Discovery Lead Attorney
The discovery lead attorney typically works for the senior attorney and with the project manager and review team to ensure that the review strategy is executed to the specification of the senior attorney.
Litigation Support Manager
In many scenarios, a litigation support manager is involved to help manage the e-discovery project and/or coordinate between legal and IT teams.
Review Attorney
Review attorneys classify documents based upon established criteria. These attorneys can be in-house, at a law firm or with a specialized provider of document review services.
Legal IT
Increasingly, many corporations today have dedicated IT resources to assist in the e-discovery process. These people have both a technical understanding of how to identify and collect necessary data in addition to a solid understanding of the entire electronic discovery process.
Tools & Technology
This section refers to the types of tools typically involved in the analysis use case.
Outputs & Desired Outcomes
This section provides information related to the objectives of the analysis use case.
Metrics
This section provides metrics that can be useful in determining the efficacy of the analysis.
Considerations
Considerations include tips and tricks as well as potential pitfalls to avoid.
Analysis Use Cases for Electronic Discovery
Project Management
Project Analysis
Inputs
Key inputs to project analysis include:
- Project budget
- Project timeline and key dates (e.g. production deadlines, etc.)
- Information related to the collected documents, including number of documents and/or total volume of data collected
- Information related to the review, including document classifications (e.g. marks and tags) and reviewer speed.
Roles
Most often, the e-discovery project manager is the primary role involved in project analysis. It is also not uncommon for the litigation support manager and/or the discovery lead attorney to be involved.
Tools & Technology
Many leading e-discovery software products offered through service providers or directly to the corporation or law firm provide reporting tools and project portals. These tools help provide key project status information that can be used during project analysis.
Outputs & Desired Outcomes
The most common questions that project managers are trying to answer with project analysis are:
- How much is this going to cost?
- Are we operating within our budget?
- When will this project be complete?
- Are we going to complete this project within our established timeline?

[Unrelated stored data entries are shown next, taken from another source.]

(* Consider Algorithm FoBa-obj with parameter $\delta>0$, and let $\beta^{(k)}$ with support $F^{(k)}$ be the iterate at the beginning of some iteration with $k\ge1$ (not necessarily the output). Then for any $\bar\beta\in\mathbb{R}^d$ with support $\bar F$, $$\|\beta^{(k)}_{F^{(k)}-\bar F}\|^2=\|(\beta^{(k)}-\bar\beta)_{F^{(k)}-\bar F}\|^2\ge\frac{\delta^{(k)}}{\rho_+(1)}|F^{(k)}-\bar F|\ge\frac{\delta}{\rho_+(1)}|F^{(k)}-\bar F|.$$
   Context: Let $Q:\mathbb{R}^d\to\mathbb{R}$ be convex and continuously differentiable. $e_j$ is the $j$-th standard basis vector, $\mathrm{supp}(\beta)=\{j:\beta_j\ne0\}$, $\|\beta\|_0=|\mathrm{supp}(\beta)|$, $\|\cdot\|$ is the Euclidean norm, $A-B$ is set difference, and $v_S$ is $v$ restricted to the coordinates in $S$. For $F\subseteq\{1,\dots,d\}$, $\hat\beta(F)$ denotes a minimizer of $Q$ over $\{\beta:\mathrm{supp}(\beta)\subseteq F\}$ (assumed to exist). For a positive integer $s$, the restricted strong convexity constants $\rho_-(s),\rho_+(s)>0$ are constants such that for all $\beta,\beta'\in\mathbb{R}^d$ with $\|\beta'-\beta\|_0\le s$: $\frac{\rho_-(s)}{2}\|\beta'-\beta\|^2\le Q(\beta')-Q(\beta)-\langle\nabla Q(\beta),\beta'-\beta\rangle\le\frac{\rho_+(s)}{2}\|\beta'-\beta\|^2.$ Algorithm FoBa has two variants: FoBa-obj (parameter $\delta>0$) and FoBa-gdt (parameter $\epsilon>0$). Initialize $F^{(0)}=\emptyset$, $\beta^{(0)}=0$, $k=0$, and repeat the following iteration. (1) Stopping test: FoBa-obj stops if $Q(\beta^{(k)})-\min_{\alpha\in\mathbb{R},\,j\notin F^{(k)}}Q(\beta^{(k)}+\alpha e_j)<\delta$; FoBa-gdt stops if $\|\nabla Q(\beta^{(k)})\|_\infty<\epsilon$. On stopping the output is $\beta^{(k)}$ with support $F^{(k)}$, and the algorithm is said to terminate at $k$. (2) Forward step: FoBa-obj picks $i^{(k)}\in\arg\min_{i\notin F^{(k)}}\min_\alpha Q(\beta^{(k)}+\alpha e_i)$; FoBa-gdt picks $i^{(k)}\in\arg\max_{i\notin F^{(k)}}|\nabla Q(\beta^{(k)})_i|$. Set $F^{(k+1)}=F^{(k)}\cup\{i^{(k)}\}$, $\beta^{(k+1)}=\hat\beta(F^{(k+1)})$, $\delta^{(k+1)}=Q(\beta^{(k)})-Q(\beta^{(k+1)})$, $k\leftarrow k+1$. (3) Backward step: repeat — if $F^{(k)}=\emptyset$ or $\min_{i\in F^{(k)}}Q(\beta^{(k)}-\beta^{(k)}_ie_i)-Q(\beta^{(k)})\ge\delta^{(k)}/2$, leave the backward step; otherwise pick $j\in\arg\min_{i\in F^{(k)}}Q(\beta^{(k)}-\beta^{(k)}_ie_i)$, set $F^{(k-1)}=F^{(k)}-\{j\}$, $\beta^{(k-1)}=\hat\beta(F^{(k-1)})$, $k\leftarrow k-1$ (where $\delta^{(k-1)}$ is the value recorded at the most recent forward step producing index $k-1$). Thus $|F^{(k)}|=k$ always. "At the beginning of an iteration" means the state just before a stopping test. *)

theory Defs
  imports "HOL-Analysis.Analysis"
begin

text \<open>Coordinates are indexed by a finite type 'n (so R^d = real^'n, d = CARD('n)).\<close>

definition e :: "'n::finite \<Rightarrow> real^'n" where
  "e j = axis j 1"

definition supp :: "real^'n::finite \<Rightarrow> 'n set" where
  "supp b = {j. b $ j \<noteq> 0}"

definition l0 :: "real^'n::finite \<Rightarrow> nat" where
  "l0 b = card (supp b)"

text \<open>Restricted strong convexity at sparsity level s with constants rm = rho_-(s), rp = rho_+(s).\<close>
definition rsc :: "(real^'n::finite \<Rightarrow> real) \<Rightarrow> (real^'n \<Rightarrow> real^'n) \<Rightarrow> nat \<Rightarrow> real \<Rightarrow> real \<Rightarrow> bool" where
  "rsc Q gQ s rm rp \<longleftrightarrow> 0 < rm \<and> 0 < rp \<and>
     (\<forall>b b'. l0 (b' - b) \<le> s \<longrightarrow>
        rm / 2 * (norm (b' - b))\<^sup>2 \<le> Q b' - Q b - gQ b \<bullet> (b' - b) \<and>
        Q b' - Q b - gQ b \<bullet> (b' - b) \<le> rp / 2 * (norm (b' - b))\<^sup>2)"

definition restr_min :: "(real^'n::finite \<Rightarrow> real) \<Rightarrow> 'n set \<Rightarrow> real^'n \<Rightarrow> bool" where
  "restr_min Q F b \<longleftrightarrow> supp b \<subseteq> F \<and> (\<forall>b'. supp b' \<subseteq> F \<longrightarrow> Q b \<le> Q b')"

definition line_min :: "(real^'n::finite \<Rightarrow> real) \<Rightarrow> real^'n \<Rightarrow> 'n \<Rightarrow> real" where
  "line_min Q b j = (INF \<alpha>::real. Q (b + \<alpha> *\<^sub>R e j))"

definition obj_stop :: "(real^'n::finite \<Rightarrow> real) \<Rightarrow> real \<Rightarrow> 'n set \<Rightarrow> real^'n \<Rightarrow> bool" where
  "obj_stop Q \<delta> F b \<longleftrightarrow>
     Q b - (INF p \<in> {(\<alpha>::real, j). j \<notin> F}. Q (b + fst p *\<^sub>R e (snd p))) < \<delta>"

definition drop_val :: "(real^'n::finite \<Rightarrow> real) \<Rightarrow> real^'n \<Rightarrow> 'n \<Rightarrow> real" where
  "drop_val Q b i = Q (b - (b $ i) *\<^sub>R e i)"

text \<open>States (F, beta, dl): current support set F = F^(k) (k = card F), current iterate
  beta = beta^(k), and dl j = delta^(j), the value recorded at the most recent forward step
  producing index j.  foba_begin holds for states at the beginning of an iteration
  (just before a stopping test); foba_back for states inside the backward step.\<close>
inductive foba_begin :: "(real^'n::finite \<Rightarrow> real) \<Rightarrow> real \<Rightarrow> 'n set \<times> (real^'n) \<times> (nat \<Rightarrow> real) \<Rightarrow> bool"
  and foba_back :: "(real^'n::finite \<Rightarrow> real) \<Rightarrow> real \<Rightarrow> 'n set \<times> (real^'n) \<times> (nat \<Rightarrow> real) \<Rightarrow> bool"
  for Q :: "real^'n \<Rightarrow> real" and \<delta> :: real
  where
  init: "foba_begin Q \<delta> ({}, 0, \<lambda>_. 0)"
| forward: "\<lbrakk> foba_begin Q \<delta> (F, b, dl); \<not> obj_stop Q \<delta> F b;
              i \<notin> F; \<forall>l. l \<notin> F \<longrightarrow> line_min Q b i \<le> line_min Q b l;
              restr_min Q (insert i F) b' \<rbrakk>
           \<Longrightarrow> foba_back Q \<delta> (insert i F, b', dl(card F + 1 := Q b - Q b'))"
| backward: "\<lbrakk> foba_back Q \<delta> (F, b, dl); F \<noteq> {};
               (MIN i\<in>F. drop_val Q b i) - Q b < dl (card F) / 2;
               j \<in> F; \<forall>i\<in>F. drop_val Q b j \<le> drop_val Q b i;
               restr_min Q (F - {j}) b' \<rbrakk>
           \<Longrightarrow> foba_back Q \<delta> (F - {j}, b', dl)"
| leave: "\<lbrakk> foba_back Q \<delta> (F, b, dl);
            F = {} \<or> (MIN i\<in>F. drop_val Q b i) - Q b \<ge> dl (card F) / 2 \<rbrakk>
           \<Longrightarrow> foba_begin Q \<delta> (F, b, dl)"

end

theory Submission
  imports Defs
begin

text \<open>Every state reached by FoBa-obj is a restricted minimizer of Q on its support set, and every
  recorded forward gain is at least \<delta>, because a forward step is taken only when the stopping test
  fails.  At a minimizer the partial derivatives on F vanish, so restricted strong smoothness bounds
  the loss from deleting coordinate i by \<rho>+(1)/2 * b_i^2; the exit condition of the backward step says
  this loss is at least \<delta>^(k)/2.  Summing b_i^2 \<ge> \<delta>^(k)/\<rho>+(1) over F - supp bbar, where bbar vanishes,
  gives the claim.\<close>

lemma l0_scaleR_e: "l0 (t *\<^sub>R e i) \<le> 1"
proof -
  have "supp (t *\<^sub>R e i) \<subseteq> {i}" by (auto simp: supp_def e_def axis_def)
  hence "card (supp (t *\<^sub>R e i)) \<le> card {i}" by (intro card_mono) auto
  thus ?thesis by (simp add: l0_def)
qed

lemma inner_scaleR_e: "g \<bullet> (t *\<^sub>R e i) = t * g $ i"
  by (simp add: e_def inner_axis)

lemma norm_scaleR_e_square: "(norm (t *\<^sub>R e i))\<^sup>2 = t\<^sup>2"
  by (simp add: e_def power_mult_distrib)

lemma supp_add_scaleR_e: "supp (b + t *\<^sub>R e i) \<subseteq> insert i (supp b)"
  by (auto simp: supp_def e_def axis_def)

lemma rsc_coordinate_bounds:
  assumes "rsc Q gQ 1 rm rp"
  shows "Q b + t * gQ b $ i + rm / 2 * t\<^sup>2 \<le> Q (b + t *\<^sub>R e i)"
    and "Q (b + t *\<^sub>R e i) \<le> Q b + t * gQ b $ i + rp / 2 * t\<^sup>2"
proof -
  have "l0 ((b + t *\<^sub>R e i) - b) \<le> 1" using l0_scaleR_e by simp
  with assms have "rm / 2 * (norm ((b + t *\<^sub>R e i) - b))\<^sup>2
      \<le> Q (b + t *\<^sub>R e i) - Q b - gQ b \<bullet> ((b + t *\<^sub>R e i) - b)
    \<and> Q (b + t *\<^sub>R e i) - Q b - gQ b \<bullet> ((b + t *\<^sub>R e i) - b)
      \<le> rp / 2 * (norm ((b + t *\<^sub>R e i) - b))\<^sup>2"
    unfolding rsc_def by blast
  thus "Q b + t * gQ b $ i + rm / 2 * t\<^sup>2 \<le> Q (b + t *\<^sub>R e i)"
    and "Q (b + t *\<^sub>R e i) \<le> Q b + t * gQ b $ i + rp / 2 * t\<^sup>2"
    unfolding add_diff_cancel_left' inner_scaleR_e norm_scaleR_e_square by simp_all
qed

lemma rsc_line_bdd_below:
  assumes "rsc Q gQ 1 rm rp"
  shows "bdd_below (range (\<lambda>\<alpha>. Q (b + \<alpha> *\<^sub>R e i)))"
proof -
  let ?g = "gQ b $ i"
  have rm: "rm > 0" using assms by (simp add: rsc_def)
  have "Q b - ?g\<^sup>2 / (2 * rm) \<le> Q (b + t *\<^sub>R e i)" for t
  proof -
    have "0 \<le> (rm * t + ?g)\<^sup>2 / (2 * rm)" using rm by simp
    hence "- ?g\<^sup>2 / (2 * rm) \<le> t * ?g + rm / 2 * t\<^sup>2"
      using rm by (simp add: field_simps power2_eq_square)
    thus ?thesis using rsc_coordinate_bounds(1)[OF assms, of b t i] by linarith
  qed
  thus ?thesis by (intro bdd_belowI2) auto
qed

lemma restr_min_gradient_zero:
  assumes "rsc Q gQ 1 rm rp" "restr_min Q F b" "i \<in> F"
  shows "gQ b $ i = 0"
proof -
  let ?g = "gQ b $ i"
  have rp: "rp > 0" using assms(1) by (simp add: rsc_def)
  define t where "t = - ?g / rp"
  have "supp (b + t *\<^sub>R e i) \<subseteq> F"
    using supp_add_scaleR_e[of b t i] assms(2,3) by (auto simp: restr_min_def)
  hence "Q b \<le> Q (b + t *\<^sub>R e i)" using assms(2) by (simp add: restr_min_def)
  hence "0 \<le> t * ?g + rp / 2 * t\<^sup>2"
    using rsc_coordinate_bounds(2)[OF assms(1), of b t i] by linarith
  hence "0 \<le> - ?g\<^sup>2 / (2 * rp)" using rp by (simp add: t_def field_simps power2_eq_square)
  hence "?g\<^sup>2 \<le> 0" using rp by (simp add: divide_le_0_iff)
  thus ?thesis by simp
qed

lemma restr_min_drop_val_le:
  assumes "rsc Q gQ 1 rm rp" "restr_min Q F b" "i \<in> F"
  shows "drop_val Q b i \<le> Q b + rp / 2 * (b $ i)\<^sup>2"
  using rsc_coordinate_bounds(2)[OF assms(1), of b "- b $ i" i]
    restr_min_gradient_zero[OF assms]
  by (simp add: drop_val_def)

lemma restr_min_empty: "restr_min Q {} 0"
proof -
  have "b = 0" if "supp b \<subseteq> {}" for b :: "real^'n::finite"
    using that by (auto simp: supp_def vec_eq_iff)
  thus ?thesis by (auto simp: restr_min_def supp_def)
qed

text \<open>The minimum over the enlarged support is at most the best single-coordinate line minimum,
  which the failed stopping test places at least \<delta> below Q b.\<close>
lemma forward_gain_ge:
  assumes rsc: "rsc Q gQ 1 rm rp"
    and continue: "\<not> obj_stop Q \<delta> F b"
    and supp_b: "supp b \<subseteq> F"
    and best: "\<forall>l. l \<notin> F \<longrightarrow> line_min Q b i \<le> line_min Q b l"
    and new: "restr_min Q (insert i F) b'"
    and i_new: "i \<notin> F"
  shows "\<delta> \<le> Q b - Q b'"
proof -
  have "Q b' \<le> Q (b + \<alpha> *\<^sub>R e i)" for \<alpha>
  proof -
    have "supp (b + \<alpha> *\<^sub>R e i) \<subseteq> insert i F" using supp_add_scaleR_e[of b \<alpha> i] supp_b by blast
    thus ?thesis using new by (simp add: restr_min_def)
  qed
  hence b'_le_line: "Q b' \<le> line_min Q b i"
    unfolding line_min_def by (intro cINF_greatest) auto
  have "Q b' \<le> Q (b + \<alpha> *\<^sub>R e l)" if "l \<notin> F" for \<alpha> l
  proof -
    have "line_min Q b l \<le> Q (b + \<alpha> *\<^sub>R e l)"
      unfolding line_min_def by (rule cINF_lower[OF rsc_line_bdd_below[OF rsc]]) simp
    thus ?thesis using b'_le_line best that by fastforce
  qed
  hence "Q b' \<le> (INF p \<in> {(\<alpha>::real, j). j \<notin> F}. Q (b + fst p *\<^sub>R e (snd p)))"
    using i_new by (intro cINF_greatest) auto
  thus ?thesis using continue by (simp add: obj_stop_def)
qed

lemma foba_invariant:
  assumes rsc: "rsc Q gQ 1 rm rp"
  shows "foba_begin Q \<delta> s \<Longrightarrow>
           (\<lambda>(F, b, dl). restr_min Q F b \<and> (\<forall>j\<in>{1..card F}. \<delta> \<le> dl j)) s"
    and "foba_back Q \<delta> s \<Longrightarrow>
           (\<lambda>(F, b, dl). restr_min Q F b \<and> (\<forall>j\<in>{1..card F}. \<delta> \<le> dl j)) s"
proof (induction rule: foba_begin_foba_back.inducts)
  case init
  show ?case by (simp add: restr_min_empty)
next
  case (forward F b dl i b')
  hence "\<delta> \<le> Q b - Q b'"
    using forward_gain_ge[OF rsc] by (auto simp: restr_min_def)
  with forward show ?case by auto
next
  case (backward F b dl j b')
  have "card (F - {j}) \<le> card F" by (simp add: card_mono)
  with backward show ?case by auto
qed

lemma foba_begin_coordinate_ge:
  assumes rsc: "rsc Q gQ 1 rm rp"
    and state: "foba_begin Q \<delta> (F, b, dl)"
    and i: "i \<in> F"
  shows "dl (card F) / rp \<le> (b $ i)\<^sup>2"
proof -
  have rp: "rp > 0" using rsc by (simp add: rsc_def)
  have min: "restr_min Q F b" using foba_invariant(1)[OF rsc state] by simp
  have "dl (card F) / 2 \<le> (MIN i\<in>F. drop_val Q b i) - Q b"
    using state i by (cases rule: foba_begin.cases) auto
  also have "\<dots> \<le> drop_val Q b i - Q b" using i by simp
  also have "\<dots> \<le> rp / 2 * (b $ i)\<^sup>2" using restr_min_drop_val_le[OF rsc min i] by simp
  finally show ?thesis using rp by (simp add: field_simps)
qed

theorem mainTheorem8:
  fixes Q :: "real^'n::finite \<Rightarrow> real" and gQ :: "real^'n \<Rightarrow> real^'n"
    and \<delta> rm1 rp1 :: real and F :: "'n set" and b bbar :: "real^'n" and dl :: "nat \<Rightarrow> real"
  assumes convex: "convex_on UNIV Q"
    and grad: "\<And>x. (Q has_derivative (\<lambda>h. gQ x \<bullet> h)) (at x)"
    and grad_cont: "continuous_on UNIV gQ"
    and minimizers_exist: "\<And>G. \<exists>c. restr_min Q G c"
    and rsc1: "rsc Q gQ 1 rm1 rp1"
    and delta_pos: "\<delta> > 0"
    and state: "foba_begin Q \<delta> (F, b, dl)"
    and k_ge_1: "card F \<ge> 1"
  shows "(\<Sum>j\<in>F - supp bbar. (b $ j)\<^sup>2) = (\<Sum>j\<in>F - supp bbar. ((b - bbar) $ j)\<^sup>2)
       \<and> (\<Sum>j\<in>F - supp bbar. ((b - bbar) $ j)\<^sup>2) \<ge> dl (card F) / rp1 * real (card (F - supp bbar))
       \<and> dl (card F) / rp1 * real (card (F - supp bbar)) \<ge> \<delta> / rp1 * real (card (F - supp bbar))"
proof -
  have rp: "rp1 > 0" using rsc1 by (simp add: rsc_def)
  have dl_ge: "\<delta> \<le> dl (card F)" using foba_invariant(1)[OF rsc1 state] k_ge_1 by simp
  have same: "(\<Sum>j\<in>F - supp bbar. (b $ j)\<^sup>2) = (\<Sum>j\<in>F - supp bbar. ((b - bbar) $ j)\<^sup>2)"
    by (rule sum.cong) (auto simp: supp_def)
  have "dl (card F) / rp1 * real (card (F - supp bbar)) = (\<Sum>j\<in>F - supp bbar. dl (card F) / rp1)"
    by simp
  also have "\<dots> \<le> (\<Sum>j\<in>F - supp bbar. (b $ j)\<^sup>2)"
    by (intro sum_mono foba_begin_coordinate_ge[OF rsc1 state]) simp
  finally have "dl (card F) / rp1 * real (card (F - supp bbar)) \<le> (\<Sum>j\<in>F - supp bbar. (b $ j)\<^sup>2)" .
  moreover have "\<delta> / rp1 * real (card (F - supp bbar)) \<le> dl (card F) / rp1 * real (card (F - supp bbar))"
    using dl_ge rp by (intro mult_right_mono divide_right_mono) auto
  ultimately show ?thesis using same by simp
qed

end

Using available project data such as total data collected and documents reviewed, project managers can ascertain how much of the overall collection has been reviewed. Many products now also provide attorney review rate information that can be useful in estimating project timelines, and/or adding additional resources (e.g. review attorneys) if needed.
Metrics
Useful metrics to track in the analysis of e-discovery projects include:
- Volume of data collected, processed and reviewed.
- Types of data collected (e.g. by file type)
- Number of documents processed and reviewed.
- Number of custodians.
- Number of documents per custodian.
- Number of files suppressed (e.g. by deduplication and/or criteria such as data range or keyword)
- Number of documents by classification (e.g. responsive, privileged, etc.).
- Document classification percentages by custodian.
- Number of documents reviewed and not reviewed.
- Attorney review rates (e.g. document decisions per hour).
Considerations
Like any business process, optimization of the e-discovery process and the resulting cost and risk reduction improves over time due to the team’s experience. Start by tracking each and every matter using a consistent and rich set of metrics. This enables your team to develop knowledge and experience that can be applied in future matters of any size or scope. Over time, you will be to more accurately gauge projected costs and timelines for all of your matters that involve e-discovery and document review.
Identification: Inclusionary & Exclusionary Criteria Development
Inputs
There are many different factors that are taken into consideration when analyzing the data corpus to determine appropriate items to move forward into the processing environment. Several of these include: Data Sampling (Interval or Weighted); External Research; Case Materials (both client and also opponent/third party)
Roles
The primary roles involved with this process would be the Document Analyst, Senior Attorney, Discovery Lead Attorney and Project Manager although others may be involved as needed.
Tools & Technology
There are many different tools and technology available to assist in this process. This is largely a research process and ultimately the decisions made regarding the application of any of the criteria developed will be a legal decision made by Counsel.
Outputs & Desired Outcomes
The desired outcome for this level of analysis is the development of criteria for selection of items most likely to yield responsive documents during review. Another outcome is also the converse, criteria that may be used to exclude items that are not likely to be responsive.
Metrics
There are various metrics that are created and used during this analysis. The first would be the sampling results, including:
- The percentage of the collection
- Percentage per custodian
- Date or other criteria if using weighted sampling
- Total number of documents
- Volume of documents (mb or gb)
- Document identifiers
This information should be collected for each iteration of sampling so there will be a record of the items contained within each sample set.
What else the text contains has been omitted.